__Records provided__:
###
(* Let $P\subset\mathbb{R}^n$ be a smooth $n$-dimensional lattice polytope with codegree $c$ and nef value $\tau$. Then $\tau\in\mathbb{Q}_{>0}$ and $\tau>c-1$.
   Context: Write $P=\bigcap_{i=1}^r\{x:\langle\rho_i,x\rangle\ge -a_i\}$ with primitive inner facet normals $\rho_i$ and $a_i\in\mathbb{Z}$; $P$ is smooth if each vertex lies on exactly $n$ facet hyperplanes whose normals form a basis of $\mathbb{Z}^n$. $P^{(s)}=\bigcap_i\{\langle\rho_i,x\rangle\ge -a_i+s\}$. For a vertex $m$ with $\{m\}=\bigcap_{i=1}^n\{\langle\rho_i,x\rangle=-a_i\}$, $m(s)$ is defined by $\{m(s)\}=\bigcap_{i=1}^n\{\langle\rho_i,x\rangle=-a_i+s\}$; $P$ is $s$-spanned if $m(s)\in P^{(s)}$ for all vertices $m$. Codegree: $c=\operatorname{codeg}(P)=\min\{k\in\mathbb{N}:(kP)^{(1)}\cap\mathbb{Z}^n\ne\emptyset\}$. Nef value: $\tau=\tau(P)=\inf\{a/b: a,b\in\mathbb{Z}_{>0},\ aP\text{ is }b\text{-spanned}\}$. *)

theory Defs
  imports "HOL-Analysis.Analysis"
begin

definition rvec :: "int^'n \<Rightarrow> real^'n" where
  "rvec v = (\<chi> j. real_of_int (v $ j))"

definition lattice_pt :: "real^'n \<Rightarrow> bool" where
  "lattice_pt x \<longleftrightarrow> (\<forall>j. x $ j \<in> \<int>)"

definition primitive :: "int^'n \<Rightarrow> bool" where
  "primitive v \<longleftrightarrow> v \<noteq> 0 \<and> (\<forall>(k::int) w. v = k *s w \<longrightarrow> \<bar>k\<bar> = 1)"

definition lattice_basis :: "('i \<Rightarrow> int^'n) \<Rightarrow> 'i set \<Rightarrow> bool" where
  "lattice_basis \<rho> J \<longleftrightarrow> finite J \<and> inj_on \<rho> J \<and>
     (\<forall>y::int^'n. \<exists>c::'i \<Rightarrow> int. y = (\<Sum>i\<in>J. c i *s \<rho> i)) \<and>
     (\<forall>c::'i \<Rightarrow> int. (\<Sum>i\<in>J. c i *s \<rho> i) = 0 \<longrightarrow> (\<forall>i\<in>J. c i = 0))"

text \<open>P^(s) for the data (rho_i, a_i): intersection of { <rho_i,x> >= -a_i + s }. Note P = P^(0).\<close>
definition shifted :: "('i \<Rightarrow> int^'n) \<Rightarrow> ('i \<Rightarrow> int) \<Rightarrow> 'i set \<Rightarrow> int \<Rightarrow> (real^'n) set" where
  "shifted \<rho> a I s = {x. \<forall>i\<in>I. rvec (\<rho> i) \<bullet> x \<ge> - real_of_int (a i) + real_of_int s}"

definition tight :: "('i \<Rightarrow> int^'n) \<Rightarrow> ('i \<Rightarrow> int) \<Rightarrow> 'i set \<Rightarrow> real^'n \<Rightarrow> 'i set" where
  "tight \<rho> a I m = {i\<in>I. rvec (\<rho> i) \<bullet> m = - real_of_int (a i)}"

definition shift_vertex :: "('i \<Rightarrow> int^'n) \<Rightarrow> ('i \<Rightarrow> int) \<Rightarrow> 'i set \<Rightarrow> real^'n \<Rightarrow> int \<Rightarrow> real^'n" where
  "shift_vertex \<rho> a I m s =
     (THE y. \<forall>i\<in>tight \<rho> a I m. rvec (\<rho> i) \<bullet> y = - real_of_int (a i) + real_of_int s)"

definition spanned :: "('i \<Rightarrow> int^'n) \<Rightarrow> ('i \<Rightarrow> int) \<Rightarrow> 'i set \<Rightarrow> int \<Rightarrow> bool" where
  "spanned \<rho> a I s \<longleftrightarrow>
     (\<forall>m. m extreme_point_of shifted \<rho> a I 0 \<longrightarrow> shift_vertex \<rho> a I m s \<in> shifted \<rho> a I s)"

text \<open>Dilation kP has data (rho_i, k a_i).\<close>
definition dil :: "int \<Rightarrow> ('i \<Rightarrow> int) \<Rightarrow> 'i \<Rightarrow> int" where
  "dil k a = (\<lambda>i. k * a i)"

definition codeg :: "('i \<Rightarrow> int^'n) \<Rightarrow> ('i \<Rightarrow> int) \<Rightarrow> 'i set \<Rightarrow> nat" where
  "codeg \<rho> a I = (LEAST k::nat. k > 0 \<and>
      (\<exists>x. lattice_pt x \<and> x \<in> shifted \<rho> (dil (int k) a) I 1))"

definition nef_value :: "('i \<Rightarrow> int^'n) \<Rightarrow> ('i \<Rightarrow> int) \<Rightarrow> 'i set \<Rightarrow> real" where
  "nef_value \<rho> a I = Inf {real_of_int p / real_of_int q | p q. p > 0 \<and> q > 0 \<and>
      spanned \<rho> (dil p a) I q}"

definition smooth_lattice_polytope :: "('i \<Rightarrow> int^'n) \<Rightarrow> ('i \<Rightarrow> int) \<Rightarrow> 'i set \<Rightarrow> bool" where
  "smooth_lattice_polytope \<rho> a I \<longleftrightarrow>
     (let P = shifted \<rho> a I 0 in
       finite I \<and> polytope P \<and> aff_dim P = int CARD('n) \<and>
       (\<forall>v. v extreme_point_of P \<longrightarrow> lattice_pt v) \<and>
       (\<forall>i\<in>I. primitive (\<rho> i)) \<and>
       bij_betw (\<lambda>i. P \<inter> {x. rvec (\<rho> i) \<bullet> x = - real_of_int (a i)}) I {F. F facet_of P} \<and>
       (\<forall>m. m extreme_point_of P \<longrightarrow>
          card (tight \<rho> a I m) = CARD('n) \<and> lattice_basis \<rho> (tight \<rho> a I m)))"

end

theory Submission
  imports Defs
begin

text \<open>At a vertex \<open>m\<close> of \<open>P\<close> the normals of the facets through \<open>m\<close> form a lattice basis, so
  there is an integer vector \<open>u\<^sub>m\<close> pairing to \<open>1\<close> with all of them, and \<open>m(s) = m + s u\<^sub>m\<close>;
  the vertices of \<open>pP\<close> are the points \<open>p m\<close>, with the same facets through them. Hence \<open>pP\<close> is
  \<open>q\<close>-spanned iff \<open>p/q\<close> is at least every ratio \<open>(1 - \<langle>\<rho>\<^sub>j,u\<^sub>m\<rangle>) / (\<langle>\<rho>\<^sub>j,m\<rangle> + a\<^sub>j)\<close> with
  positive denominator, and \<open>\<tau>\<close> is the largest of these finitely many rationals. It is positive,
  since otherwise the ray \<open>m + t u\<^sub>m\<close> would stay in the bounded set \<open>P\<close>. If \<open>\<tau> \<le> c - 1\<close>, then
  \<open>(c - 1)P\<close> is \<open>1\<close>-spanned and \<open>(c - 1)m + u\<^sub>m\<close> is a lattice point of \<open>((c - 1)P)\<^sup>(\<^sup>1\<^sup>)\<close>,
  contradicting the minimality of the codegree \<open>c\<close>.\<close>

lemma rvec_sum_scale:
  "rvec (\<Sum>j\<in>J. c j *s v j) = (\<Sum>j\<in>J. real_of_int (c j) *\<^sub>R rvec (v j))"
  by (induction J rule: infinite_finite_induct) (auto simp: rvec_def vec_eq_iff)

lemma rvec_axis: "rvec (axis k 1) = axis k 1"
  by (simp add: rvec_def axis_def vec_eq_iff)

lemma inner_rvec_rvec: "rvec v \<bullet> rvec w = real_of_int (\<Sum>k\<in>UNIV. v $ k * w $ k)"
  by (simp add: rvec_def inner_vec_def)

lemma lattice_basis_coeffs_unique:
  assumes "lattice_basis \<rho> J" and "(\<Sum>j\<in>J. c j *s \<rho> j) = (\<Sum>j\<in>J. d j *s \<rho> j)" and "i \<in> J"
  shows "c i = d i"
proof -
  have "(\<Sum>j\<in>J. (c j - d j) *s \<rho> j) = 0"
    using assms(2) by (simp add: vector_sub_rdistrib sum_subtractf)
  then show ?thesis using assms(1,3) unfolding lattice_basis_def by fastforce
qed

lemma lattice_basis_orthogonal_eq_0:
  assumes "lattice_basis \<rho> J" and "\<forall>j\<in>J. rvec (\<rho> j) \<bullet> z = 0"
  shows "z = 0"
proof -
  have "z $ k = 0" for k
  proof -
    obtain c where c: "axis k 1 = (\<Sum>j\<in>J. c j *s \<rho> j)"
      using assms(1) unfolding lattice_basis_def by blast
    have "z $ k = rvec (axis k 1) \<bullet> z"
      by (simp add: rvec_axis cart_eq_inner_axis inner_commute)
    also have "\<dots> = 0"
      using assms(2) by (simp add: c rvec_sum_scale inner_sum_left)
    finally show ?thesis .
  qed
  then show ?thesis by (simp add: vec_eq_iff)
qed

lemma lattice_basis_dual_vector:
  assumes "lattice_basis \<rho> J"
  obtains u :: "int^'n" where "\<And>i. i \<in> J \<Longrightarrow> rvec (\<rho> i) \<bullet> rvec u = 1"
proof -
  have "\<forall>k. \<exists>c. axis k 1 = (\<Sum>j\<in>J. c j *s \<rho> j)"
    using assms unfolding lattice_basis_def by blast
  then obtain C where C: "\<And>k. axis k 1 = (\<Sum>j\<in>J. C k j *s \<rho> j)"
    by metis
  \<comment> \<open>column \<open>j\<close> of \<open>C\<close> is the basis vector dual to \<open>\<rho> j\<close>, and \<open>u\<close> is their sum\<close>
  define u :: "int^'n" where "u = (\<chi> k. \<Sum>j\<in>J. C k j)"
  have "rvec (\<rho> i) \<bullet> rvec u = 1" if i: "i \<in> J" for i
  proof -
    define G where "G j = (\<Sum>k\<in>UNIV. \<rho> i $ k * C k j)" for j
    have "(\<Sum>j\<in>J. G j *s \<rho> j) = (\<Sum>k\<in>UNIV. \<rho> i $ k *s (\<Sum>j\<in>J. C k j *s \<rho> j))"
      unfolding G_def vec_eq_iff
      by (simp add: sum_component sum_distrib_left sum_distrib_right mult.assoc sum.swap[of _ J])
    also have "\<dots> = \<rho> i"
      by (simp add: C[symmetric] basis_expansion)
    also have "\<dots> = (\<Sum>j\<in>J. if j = i then \<rho> j else 0)"
      using i assms by (simp add: lattice_basis_def)
    also have "\<dots> = (\<Sum>j\<in>J. (if j = i then 1 else 0) *s \<rho> j)"
      by (rule sum.cong) auto
    finally have G: "G j = (if j = i then 1 else 0)" if "j \<in> J" for j
      by (rule lattice_basis_coeffs_unique[OF assms _ that])
    have "rvec (\<rho> i) \<bullet> rvec u = real_of_int (\<Sum>j\<in>J. G j)"
      unfolding inner_rvec_rvec u_def G_def by (simp add: sum_distrib_left sum.swap[of _ J])
    also have "\<dots> = 1"
      using i assms by (simp add: G lattice_basis_def)
    finally show ?thesis .
  qed
  then show thesis by (rule that)
qed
###
__Problem to work on__: Within the material above, find the lines that contain the word "lambda"; copy them.

__Exercise output__:
  "dil k a = (\<lambda>i. k * a i)"
       bij_betw (\<lambda>i. P \<inter> {x. rvec (\<rho> i) \<bullet> x = - real_of_int (a i)}) I {F. F facet_of P} \<and>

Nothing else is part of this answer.